** Opening SUPPLIED DATA block **

(* In the notation of the context, for $0\le i\le D-1$ the following identities of Laurent polynomials in $\eta$ hold: $$\eta\,\ell_i^-=(\tau q^D+\tau^{-1})(q^{i-D}-1)\ell^+_{i-1}+(\tau q^D+\tau^{-1})q^{i-D}\ell^-_i+\tau(q^D-q^{i+1}+1)\ell^+_i+\tau(1-q^{i+1})\ell^-_{i+1},$$ $$\eta^{-1}\ell_i^-=\tau^{-1}(1-q^{i-D})\ell^-_{i-1}+(\tau q^D+\tau^{-1})(1-q^{i-D})\ell^+_{i-1}-\tau(q^D-q^i+1)\ell^+_i,$$ $$\eta\,\ell_i^+=\tau^{-1}(1-q^{i-D})\ell^+_{i-1}-\tau^{-1}q^{i-D}\ell^-_i,$$ $$\eta^{-1}\ell_i^+=\tau^{-1}q^{i-D+1}\ell^-_i+(\tau q^D+\tau^{-1})q^{i-D+1}\ell^+_i+\tau(1-q^{i+1})\ell^+_{i+1}.$$
   Context: Let $q$ be a prime power, $D\ge3$ an integer, and $e\in\{0,\tfrac12,1,\tfrac32,2\}$ (with $q$ a square when $e\in\{\tfrac12,\tfrac32\}$). Let $\tau=\sqrt{-1}\,q^{-(D+e)/2}$. Write $(r;q)_n=(1-r)(1-rq)\cdots(1-rq^{n-1})$ and ${}_3\phi_2\!\left(\begin{smallmatrix}r_1,r_2,r_3\\ s_1,s_2\end{smallmatrix};q,z\right)=\sum_{n\ge0}\frac{(r_1;q)_n(r_2;q)_n(r_3;q)_n}{(s_1;q)_n(s_2;q)_n}\frac{z^n}{(q;q)_n}$. For a nonzero scalar $t$ and integers $0\le i\le d$ define the Laurent polynomial $h_i(\eta;t,d;q)=\frac{(q^{-d};q)_i}{t^i}\,{}_3\phi_2\!\left(\begin{smallmatrix}q^{-i},\,t\eta^{-1},\,t\eta\\ 0,\,q^{-d}\end{smallmatrix};q,q\right)$. Let $h_i=h_i(\eta;\tau,D;q)$ ($0\le i\le D$), $h_i^\perp=h_i(\eta;\tau q,D-2;q)$ ($0\le i\le D-2$), $h^\perp_{-1}=0$, $h^\perp_{D-1}=\eta^{1-D}\prod_{n=1}^{D-1}(\eta-\tau q^n)(\eta-\tau^{-1}q^{-n})$, and $p^\perp=\eta^{-1}(\eta-\tau)(\eta-\tau^{-1}q^{-D})$. For $0\le i\le D-1$ define $\ell_i^+=\frac{h_{i+1}-p^\perp h_i^\perp}{\tau^{i+1}(1-q^D)(q;q)_i}$ and $\ell_i^-=\frac{q^D-q^i}{\tau^i(q^D-1)(q;q)_i}\Big(h_i-\frac{1-q^i}{q^D-q^i}p^\perp h^\perp_{i-1}\Big)$ (the non-symmetric dual $q$-Krawtchouk polynomials). Also set $\ell^\pm_{-1}=0$, $\ell_D^+=-\frac{\eta^{-1}p^\perp h^\perp_{D-1}}{\tau^{D+1}(q;q)_D}$, $\ell_D^-=\frac{p^\perp h^\perp_{D-1}}{\tau^D(q;q)_D}$. *)

theory Defs
  imports Complex_Main "HOL-Computational_Algebra.Primes"
begin

definition qpoch :: "complex \<Rightarrow> complex \<Rightarrow> nat \<Rightarrow> complex" where
  "qpoch r q n = (\<Prod>k<n. 1 - r * q ^ k)"

text \<open>Terminating basic hypergeometric series 3phi2 with r1 = q^(-i):
  all terms with index n > i vanish since (q^(-i);q)_n = 0, so the series is the finite sum below.\<close>
definition phi32_term :: "nat \<Rightarrow> complex \<Rightarrow> complex \<Rightarrow> complex \<Rightarrow> complex \<Rightarrow> complex \<Rightarrow> complex \<Rightarrow> complex" where
  "phi32_term i r2 r3 s1 s2 q z =
     (\<Sum>n\<le>i. qpoch (inverse (q ^ i)) q n * qpoch r2 q n * qpoch r3 q n
              / (qpoch s1 q n * qpoch s2 q n) * z ^ n / qpoch q q n)"

definition hpoly :: "complex \<Rightarrow> complex \<Rightarrow> nat \<Rightarrow> complex \<Rightarrow> nat \<Rightarrow> complex" where
  "hpoly q t d \<eta> i =
     qpoch (inverse (q ^ d)) q i / t ^ i *
     phi32_term i (t / \<eta>) (t * \<eta>) 0 (inverse (q ^ d)) q q"

definition hD :: "complex \<Rightarrow> nat \<Rightarrow> complex \<Rightarrow> complex \<Rightarrow> nat \<Rightarrow> complex" where
  "hD q D \<tau> \<eta> i = hpoly q \<tau> D \<eta> i"

definition hperp :: "complex \<Rightarrow> nat \<Rightarrow> complex \<Rightarrow> complex \<Rightarrow> int \<Rightarrow> complex" where
  "hperp q D \<tau> \<eta> i =
     (if i = -1 then 0
      else if 0 \<le> i \<and> i \<le> int D - 2 then hpoly q (\<tau> * q) (D - 2) \<eta> (nat i)
      else if i = int D - 1 then
        \<eta> powi (1 - int D) * (\<Prod>n\<in>{1..D-1}. (\<eta> - \<tau> * q ^ n) * (\<eta> - inverse \<tau> * inverse (q ^ n)))
      else 0)"

definition pperp :: "complex \<Rightarrow> nat \<Rightarrow> complex \<Rightarrow> complex \<Rightarrow> complex" where
  "pperp q D \<tau> \<eta> = inverse \<eta> * (\<eta> - \<tau>) * (\<eta> - inverse \<tau> * inverse (q ^ D))"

** Closing SUPPLIED DATA block **

THE TASK —
When a line contains the string "else", copy it from the records.

WORKED SOLUTION —
      else if 0 \<le> i \<and> i \<le> int D - 2 then hpoly q (\<tau> * q) (D - 2) \<eta> (nat i)
      else if i = int D - 1 then
      else 0)"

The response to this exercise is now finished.